Task to carry out -> The entries below should be copied exactly and completely.

Dataset entries ->
▶
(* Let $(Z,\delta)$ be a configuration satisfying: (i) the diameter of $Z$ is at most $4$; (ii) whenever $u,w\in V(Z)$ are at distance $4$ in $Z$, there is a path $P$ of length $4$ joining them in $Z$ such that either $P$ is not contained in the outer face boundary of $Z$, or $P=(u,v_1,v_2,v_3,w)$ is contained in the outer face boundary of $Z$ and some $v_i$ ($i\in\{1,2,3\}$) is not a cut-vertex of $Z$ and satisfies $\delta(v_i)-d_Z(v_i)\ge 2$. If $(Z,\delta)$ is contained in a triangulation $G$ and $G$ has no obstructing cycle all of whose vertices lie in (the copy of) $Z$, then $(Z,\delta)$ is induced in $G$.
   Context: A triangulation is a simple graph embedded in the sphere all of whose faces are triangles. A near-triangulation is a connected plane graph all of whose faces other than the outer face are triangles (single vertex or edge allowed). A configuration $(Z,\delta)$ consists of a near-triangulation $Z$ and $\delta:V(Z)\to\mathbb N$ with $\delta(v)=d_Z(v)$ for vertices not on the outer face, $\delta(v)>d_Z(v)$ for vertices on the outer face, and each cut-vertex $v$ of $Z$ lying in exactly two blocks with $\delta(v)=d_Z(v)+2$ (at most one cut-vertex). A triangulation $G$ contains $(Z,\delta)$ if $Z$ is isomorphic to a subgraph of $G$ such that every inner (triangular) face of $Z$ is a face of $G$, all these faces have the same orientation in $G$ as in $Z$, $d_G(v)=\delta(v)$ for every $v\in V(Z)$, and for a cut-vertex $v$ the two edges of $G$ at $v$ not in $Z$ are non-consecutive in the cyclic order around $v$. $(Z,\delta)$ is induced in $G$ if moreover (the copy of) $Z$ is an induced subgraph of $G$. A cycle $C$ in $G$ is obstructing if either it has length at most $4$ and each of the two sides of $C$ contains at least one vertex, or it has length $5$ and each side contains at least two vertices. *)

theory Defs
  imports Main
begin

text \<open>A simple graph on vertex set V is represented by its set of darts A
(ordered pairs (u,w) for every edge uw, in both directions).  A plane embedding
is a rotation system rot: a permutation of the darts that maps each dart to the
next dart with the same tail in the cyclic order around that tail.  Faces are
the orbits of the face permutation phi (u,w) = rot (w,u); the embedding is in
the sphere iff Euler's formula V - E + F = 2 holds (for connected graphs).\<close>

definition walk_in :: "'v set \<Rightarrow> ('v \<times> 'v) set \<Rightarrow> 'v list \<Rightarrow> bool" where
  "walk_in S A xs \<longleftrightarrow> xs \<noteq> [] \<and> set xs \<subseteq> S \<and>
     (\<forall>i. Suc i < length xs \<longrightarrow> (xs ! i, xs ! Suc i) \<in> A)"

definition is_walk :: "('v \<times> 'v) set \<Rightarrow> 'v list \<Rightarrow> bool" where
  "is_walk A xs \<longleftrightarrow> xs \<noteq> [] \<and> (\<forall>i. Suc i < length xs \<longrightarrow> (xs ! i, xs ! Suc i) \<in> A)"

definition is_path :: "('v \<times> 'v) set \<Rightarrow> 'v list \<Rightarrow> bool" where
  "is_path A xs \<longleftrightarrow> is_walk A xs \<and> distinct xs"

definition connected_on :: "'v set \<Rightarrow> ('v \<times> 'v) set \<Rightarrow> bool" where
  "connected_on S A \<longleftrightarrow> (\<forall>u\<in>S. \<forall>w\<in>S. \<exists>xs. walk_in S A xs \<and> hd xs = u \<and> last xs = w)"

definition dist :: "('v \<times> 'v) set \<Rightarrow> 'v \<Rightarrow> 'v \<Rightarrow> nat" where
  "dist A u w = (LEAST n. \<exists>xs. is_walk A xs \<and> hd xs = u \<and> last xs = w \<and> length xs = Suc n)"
◀
Your response ->
(* Let $(Z,\delta)$ be a configuration satisfying: (i) the diameter of $Z$ is at most $4$; (ii) whenever $u,w\in V(Z)$ are at distance $4$ in $Z$, there is a path $P$ of length $4$ joining them in $Z$ such that either $P$ is not contained in the outer face boundary of $Z$, or $P=(u,v_1,v_2,v_3,w)$ is contained in the outer face boundary of $Z$ and some $v_i$ ($i\in\{1,2,3\}$) is not a cut-vertex of $Z$ and satisfies $\delta(v_i)-d_Z(v_i)\ge 2$. If $(Z,\delta)$ is contained in a triangulation $G$ and $G$ has no obstructing cycle all of whose vertices lie in (the copy of) $Z$, then $(Z,\delta)$ is induced in $G$.
   Context: A triangulation is a simple graph embedded in the sphere all of whose faces are triangles. A near-triangulation is a connected plane graph all of whose faces other than the outer face are triangles (single vertex or edge allowed). A configuration $(Z,\delta)$ consists of a near-triangulation $Z$ and $\delta:V(Z)\to\mathbb N$ with $\delta(v)=d_Z(v)$ for vertices not on the outer face, $\delta(v)>d_Z(v)$ for vertices on the outer face, and each cut-vertex $v$ of $Z$ lying in exactly two blocks with $\delta(v)=d_Z(v)+2$ (at most one cut-vertex). A triangulation $G$ contains $(Z,\delta)$ if $Z$ is isomorphic to a subgraph of $G$ such that every inner (triangular) face of $Z$ is a face of $G$, all these faces have the same orientation in $G$ as in $Z$, $d_G(v)=\delta(v)$ for every $v\in V(Z)$, and for a cut-vertex $v$ the two edges of $G$ at $v$ not in $Z$ are non-consecutive in the cyclic order around $v$. $(Z,\delta)$ is induced in $G$ if moreover (the copy of) $Z$ is an induced subgraph of $G$. A cycle $C$ in $G$ is obstructing if either it has length at most $4$ and each of the two sides of $C$ contains at least one vertex, or it has length $5$ and each side contains at least two vertices. *)

theory Defs
  imports Main
begin

text \<open>A simple graph on vertex set V is represented by its set of darts A
(ordered pairs (u,w) for every edge uw, in both directions).  A plane embedding
is a rotation system rot: a permutation of the darts that maps each dart to the
next dart with the same tail in the cyclic order around that tail.  Faces are
the orbits of the face permutation phi (u,w) = rot (w,u); the embedding is in
the sphere iff Euler's formula V - E + F = 2 holds (for connected graphs).\<close>

definition walk_in :: "'v set \<Rightarrow> ('v \<times> 'v) set \<Rightarrow> 'v list \<Rightarrow> bool" where
  "walk_in S A xs \<longleftrightarrow> xs \<noteq> [] \<and> set xs \<subseteq> S \<and>
     (\<forall>i. Suc i < length xs \<longrightarrow> (xs ! i, xs ! Suc i) \<in> A)"

definition is_walk :: "('v \<times> 'v) set \<Rightarrow> 'v list \<Rightarrow> bool" where
  "is_walk A xs \<longleftrightarrow> xs \<noteq> [] \<and> (\<forall>i. Suc i < length xs \<longrightarrow> (xs ! i, xs ! Suc i) \<in> A)"

definition is_path :: "('v \<times> 'v) set \<Rightarrow> 'v list \<Rightarrow> bool" where
  "is_path A xs \<longleftrightarrow> is_walk A xs \<and> distinct xs"

definition connected_on :: "'v set \<Rightarrow> ('v \<times> 'v) set \<Rightarrow> bool" where
  "connected_on S A \<longleftrightarrow> (\<forall>u\<in>S. \<forall>w\<in>S. \<exists>xs. walk_in S A xs \<and> hd xs = u \<and> last xs = w)"

definition dist :: "('v \<times> 'v) set \<Rightarrow> 'v \<Rightarrow> 'v \<Rightarrow> nat" where
  "dist A u w = (LEAST n. \<exists>xs. is_walk A xs \<and> hd xs = u \<and> last xs = w \<and> length xs = Suc n)"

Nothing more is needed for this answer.